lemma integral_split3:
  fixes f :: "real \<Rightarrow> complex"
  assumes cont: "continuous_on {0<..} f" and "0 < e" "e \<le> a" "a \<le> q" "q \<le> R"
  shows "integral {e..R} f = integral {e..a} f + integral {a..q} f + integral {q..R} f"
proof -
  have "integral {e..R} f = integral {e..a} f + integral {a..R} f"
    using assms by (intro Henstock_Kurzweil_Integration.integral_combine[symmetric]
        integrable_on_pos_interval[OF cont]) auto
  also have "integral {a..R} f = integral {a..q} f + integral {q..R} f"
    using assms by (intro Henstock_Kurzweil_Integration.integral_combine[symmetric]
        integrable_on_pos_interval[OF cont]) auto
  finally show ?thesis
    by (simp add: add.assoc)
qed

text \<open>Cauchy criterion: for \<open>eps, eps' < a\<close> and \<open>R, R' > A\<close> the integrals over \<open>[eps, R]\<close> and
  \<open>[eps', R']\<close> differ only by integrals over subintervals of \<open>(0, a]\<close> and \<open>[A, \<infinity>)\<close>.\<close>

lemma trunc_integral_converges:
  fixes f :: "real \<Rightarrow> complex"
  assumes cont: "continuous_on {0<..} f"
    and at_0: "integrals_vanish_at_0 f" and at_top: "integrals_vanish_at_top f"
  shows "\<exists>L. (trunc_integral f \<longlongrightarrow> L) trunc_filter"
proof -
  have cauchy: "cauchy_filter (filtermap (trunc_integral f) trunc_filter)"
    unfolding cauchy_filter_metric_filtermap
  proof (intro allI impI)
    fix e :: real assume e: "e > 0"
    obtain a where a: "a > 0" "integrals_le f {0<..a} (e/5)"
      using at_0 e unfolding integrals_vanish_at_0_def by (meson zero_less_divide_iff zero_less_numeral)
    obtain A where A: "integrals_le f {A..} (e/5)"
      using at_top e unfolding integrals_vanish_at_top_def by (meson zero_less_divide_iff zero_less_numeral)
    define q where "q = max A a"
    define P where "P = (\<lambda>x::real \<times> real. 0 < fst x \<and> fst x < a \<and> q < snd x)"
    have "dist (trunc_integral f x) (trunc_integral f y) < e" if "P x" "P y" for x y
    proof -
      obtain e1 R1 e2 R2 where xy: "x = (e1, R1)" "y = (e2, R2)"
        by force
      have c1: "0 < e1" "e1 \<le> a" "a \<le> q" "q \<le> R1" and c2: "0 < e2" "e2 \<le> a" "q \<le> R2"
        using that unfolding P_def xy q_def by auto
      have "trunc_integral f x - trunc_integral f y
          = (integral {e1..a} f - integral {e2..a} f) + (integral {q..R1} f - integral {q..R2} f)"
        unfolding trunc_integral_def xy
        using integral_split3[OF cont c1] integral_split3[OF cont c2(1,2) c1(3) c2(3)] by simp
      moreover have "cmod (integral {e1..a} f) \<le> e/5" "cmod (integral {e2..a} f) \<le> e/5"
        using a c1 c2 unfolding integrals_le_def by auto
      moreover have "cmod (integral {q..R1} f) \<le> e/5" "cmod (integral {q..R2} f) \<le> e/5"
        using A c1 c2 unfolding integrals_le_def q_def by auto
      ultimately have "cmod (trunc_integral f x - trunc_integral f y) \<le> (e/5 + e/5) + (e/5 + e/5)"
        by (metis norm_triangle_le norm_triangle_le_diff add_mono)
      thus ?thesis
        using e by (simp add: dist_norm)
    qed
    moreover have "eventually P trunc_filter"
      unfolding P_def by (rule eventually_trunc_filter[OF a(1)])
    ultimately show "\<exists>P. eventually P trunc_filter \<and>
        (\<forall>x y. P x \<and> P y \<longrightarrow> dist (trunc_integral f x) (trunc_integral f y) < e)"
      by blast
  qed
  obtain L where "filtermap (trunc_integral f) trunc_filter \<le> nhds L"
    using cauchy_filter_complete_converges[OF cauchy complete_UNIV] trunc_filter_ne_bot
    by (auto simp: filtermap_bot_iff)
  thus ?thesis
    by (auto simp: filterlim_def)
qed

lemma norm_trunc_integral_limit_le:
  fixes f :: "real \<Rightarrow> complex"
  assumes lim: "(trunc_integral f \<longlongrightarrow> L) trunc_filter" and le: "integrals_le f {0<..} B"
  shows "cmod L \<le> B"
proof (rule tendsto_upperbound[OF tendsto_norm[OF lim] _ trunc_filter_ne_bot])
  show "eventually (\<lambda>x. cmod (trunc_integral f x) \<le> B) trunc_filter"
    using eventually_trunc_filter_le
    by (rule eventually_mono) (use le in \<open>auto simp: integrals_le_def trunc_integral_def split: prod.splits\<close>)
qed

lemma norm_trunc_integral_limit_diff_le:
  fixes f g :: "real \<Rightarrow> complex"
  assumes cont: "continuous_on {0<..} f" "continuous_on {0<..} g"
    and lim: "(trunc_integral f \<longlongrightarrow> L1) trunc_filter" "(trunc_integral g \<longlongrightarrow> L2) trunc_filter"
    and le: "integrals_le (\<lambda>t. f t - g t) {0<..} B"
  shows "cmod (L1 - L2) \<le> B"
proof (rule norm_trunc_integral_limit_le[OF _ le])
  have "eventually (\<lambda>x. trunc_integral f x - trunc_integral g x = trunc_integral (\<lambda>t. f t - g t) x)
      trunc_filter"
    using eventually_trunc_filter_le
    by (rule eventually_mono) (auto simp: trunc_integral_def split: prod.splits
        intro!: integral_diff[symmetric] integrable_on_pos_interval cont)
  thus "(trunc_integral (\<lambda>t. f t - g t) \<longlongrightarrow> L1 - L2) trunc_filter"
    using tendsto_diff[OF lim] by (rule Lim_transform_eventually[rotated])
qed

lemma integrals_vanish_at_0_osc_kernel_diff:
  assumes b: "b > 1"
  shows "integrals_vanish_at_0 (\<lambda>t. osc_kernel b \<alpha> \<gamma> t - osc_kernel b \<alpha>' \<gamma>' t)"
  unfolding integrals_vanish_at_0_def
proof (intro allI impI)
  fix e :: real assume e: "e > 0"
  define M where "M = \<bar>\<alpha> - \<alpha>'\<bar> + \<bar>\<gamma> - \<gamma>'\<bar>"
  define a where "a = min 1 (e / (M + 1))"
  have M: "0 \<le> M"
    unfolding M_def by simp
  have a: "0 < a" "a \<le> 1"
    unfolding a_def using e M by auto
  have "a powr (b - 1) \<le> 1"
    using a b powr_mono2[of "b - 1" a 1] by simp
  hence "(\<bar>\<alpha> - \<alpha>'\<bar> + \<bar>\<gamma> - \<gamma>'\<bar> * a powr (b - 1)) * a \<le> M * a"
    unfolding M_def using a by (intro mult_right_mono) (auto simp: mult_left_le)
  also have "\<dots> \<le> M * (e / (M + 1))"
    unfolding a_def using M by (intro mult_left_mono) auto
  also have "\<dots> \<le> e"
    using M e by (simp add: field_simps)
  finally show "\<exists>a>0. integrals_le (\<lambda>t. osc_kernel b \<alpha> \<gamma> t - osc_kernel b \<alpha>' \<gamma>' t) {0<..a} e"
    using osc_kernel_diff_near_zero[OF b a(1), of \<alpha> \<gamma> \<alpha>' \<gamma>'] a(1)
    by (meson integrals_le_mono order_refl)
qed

• TASK REQUIREMENTS: An unaltered transcription of all the data above is needed.

• RESULT OF THIS TASK:
lemma integral_split3:
  fixes f :: "real \<Rightarrow> complex"
  assumes cont: "continuous_on {0<..} f" and "0 < e" "e \<le> a" "a \<le> q" "q \<le> R"
  shows "integral {e..R} f = integral {e..a} f + integral {a..q} f + integral {q..R} f"
proof -
  have "integral {e..R} f = integral {e..a} f + integral {a..R} f"
    using assms by (intro Henstock_Kurzweil_Integration.integral_combine[symmetric]
        integrable_on_pos_interval[OF cont]) auto
  also have "integral {a..R} f = integral {a..q} f + integral {q..R} f"
    using assms by (intro Henstock_Kurzweil_Integration.integral_combine[symmetric]
        integrable_on_pos_interval[OF cont]) auto
  finally show ?thesis
    by (simp add: add.assoc)
qed

text \<open>Cauchy criterion: for \<open>eps, eps' < a\<close> and \<open>R, R' > A\<close> the integrals over \<open>[eps, R]\<close> and
  \<open>[eps', R']\<close> differ only by integrals over subintervals of \<open>(0, a]\<close> and \<open>[A, \<infinity>)\<close>.\<close>

lemma trunc_integral_converges:
  fixes f :: "real \<Rightarrow> complex"
  assumes cont: "continuous_on {0<..} f"
    and at_0: "integrals_vanish_at_0 f" and at_top: "integrals_vanish_at_top f"
  shows "\<exists>L. (trunc_integral f \<longlongrightarrow> L) trunc_filter"
proof -
  have cauchy: "cauchy_filter (filtermap (trunc_integral f) trunc_filter)"
    unfolding cauchy_filter_metric_filtermap
  proof (intro allI impI)
    fix e :: real assume e: "e > 0"
    obtain a where a: "a > 0" "integrals_le f {0<..a} (e/5)"
      using at_0 e unfolding integrals_vanish_at_0_def by (meson zero_less_divide_iff zero_less_numeral)
    obtain A where A: "integrals_le f {A..} (e/5)"
      using at_top e unfolding integrals_vanish_at_top_def by (meson zero_less_divide_iff zero_less_numeral)
    define q where "q = max A a"
    define P where "P = (\<lambda>x::real \<times> real. 0 < fst x \<and> fst x < a \<and> q < snd x)"
    have "dist (trunc_integral f x) (trunc_integral f y) < e" if "P x" "P y" for x y
    proof -
      obtain e1 R1 e2 R2 where xy: "x = (e1, R1)" "y = (e2, R2)"
        by force
      have c1: "0 < e1" "e1 \<le> a" "a \<le> q" "q \<le> R1" and c2: "0 < e2" "e2 \<le> a" "q \<le> R2"
        using that unfolding P_def xy q_def by auto
      have "trunc_integral f x - trunc_integral f y
          = (integral {e1..a} f - integral {e2..a} f) + (integral {q..R1} f - integral {q..R2} f)"
        unfolding trunc_integral_def xy
        using integral_split3[OF cont c1] integral_split3[OF cont c2(1,2) c1(3) c2(3)] by simp
      moreover have "cmod (integral {e1..a} f) \<le> e/5" "cmod (integral {e2..a} f) \<le> e/5"
        using a c1 c2 unfolding integrals_le_def by auto
      moreover have "cmod (integral {q..R1} f) \<le> e/5" "cmod (integral {q..R2} f) \<le> e/5"
        using A c1 c2 unfolding integrals_le_def q_def by auto
      ultimately have "cmod (trunc_integral f x - trunc_integral f y) \<le> (e/5 + e/5) + (e/5 + e/5)"
        by (metis norm_triangle_le norm_triangle_le_diff add_mono)
      thus ?thesis
        using e by (simp add: dist_norm)
    qed
    moreover have "eventually P trunc_filter"
      unfolding P_def by (rule eventually_trunc_filter[OF a(1)])
    ultimately show "\<exists>P. eventually P trunc_filter \<and>
        (\<forall>x y. P x \<and> P y \<longrightarrow> dist (trunc_integral f x) (trunc_integral f y) < e)"
      by blast
  qed
  obtain L where "filtermap (trunc_integral f) trunc_filter \<le> nhds L"
    using cauchy_filter_complete_converges[OF cauchy complete_UNIV] trunc_filter_ne_bot
    by (auto simp: filtermap_bot_iff)
  thus ?thesis
    by (auto simp: filterlim_def)
qed

lemma norm_trunc_integral_limit_le:
  fixes f :: "real \<Rightarrow> complex"
  assumes lim: "(trunc_integral f \<longlongrightarrow> L) trunc_filter" and le: "integrals_le f {0<..} B"
  shows "cmod L \<le> B"
proof (rule tendsto_upperbound[OF tendsto_norm[OF lim] _ trunc_filter_ne_bot])
  show "eventually (\<lambda>x. cmod (trunc_integral f x) \<le> B) trunc_filter"
    using eventually_trunc_filter_le
    by (rule eventually_mono) (use le in \<open>auto simp: integrals_le_def trunc_integral_def split: prod.splits\<close>)
qed

lemma norm_trunc_integral_limit_diff_le:
  fixes f g :: "real \<Rightarrow> complex"
  assumes cont: "continuous_on {0<..} f" "continuous_on {0<..} g"
    and lim: "(trunc_integral f \<longlongrightarrow> L1) trunc_filter" "(trunc_integral g \<longlongrightarrow> L2) trunc_filter"
    and le: "integrals_le (\<lambda>t. f t - g t) {0<..} B"
  shows "cmod (L1 - L2) \<le> B"
proof (rule norm_trunc_integral_limit_le[OF _ le])
  have "eventually (\<lambda>x. trunc_integral f x - trunc_integral g x = trunc_integral (\<lambda>t. f t - g t) x)
      trunc_filter"
    using eventually_trunc_filter_le
    by (rule eventually_mono) (auto simp: trunc_integral_def split: prod.splits
        intro!: integral_diff[symmetric] integrable_on_pos_interval cont)
  thus "(trunc_integral (\<lambda>t. f t - g t) \<longlongrightarrow> L1 - L2) trunc_filter"
    using tendsto_diff[OF lim] by (rule Lim_transform_eventually[rotated])
qed

lemma integrals_vanish_at_0_osc_kernel_diff:
  assumes b: "b > 1"
  shows "integrals_vanish_at_0 (\<lambda>t. osc_kernel b \<alpha> \<gamma> t - osc_kernel b \<alpha>' \<gamma>' t)"
  unfolding integrals_vanish_at_0_def
proof (intro allI impI)
  fix e :: real assume e: "e > 0"
  define M where "M = \<bar>\<alpha> - \<alpha>'\<bar> + \<bar>\<gamma> - \<gamma>'\<bar>"
  define a where "a = min 1 (e / (M + 1))"
  have M: "0 \<le> M"
    unfolding M_def by simp
  have a: "0 < a" "a \<le> 1"
    unfolding a_def using e M by auto
  have "a powr (b - 1) \<le> 1"
    using a b powr_mono2[of "b - 1" a 1] by simp
  hence "(\<bar>\<alpha> - \<alpha>'\<bar> + \<bar>\<gamma> - \<gamma>'\<bar> * a powr (b - 1)) * a \<le> M * a"
    unfolding M_def using a by (intro mult_right_mono) (auto simp: mult_left_le)
  also have "\<dots> \<le> M * (e / (M + 1))"
    unfolding a_def using M by (intro mult_left_mono) auto
  also have "\<dots> \<le> e"
    using M e by (simp add: field_simps)
  finally show "\<exists>a>0. integrals_le (\<lambda>t. osc_kernel b \<alpha> \<gamma> t - osc_kernel b \<alpha>' \<gamma>' t) {0<..a} e"
    using osc_kernel_diff_near_zero[OF b a(1), of \<alpha> \<gamma> \<alpha>' \<gamma>'] a(1)
    by (meson integrals_le_mono order_refl)
qed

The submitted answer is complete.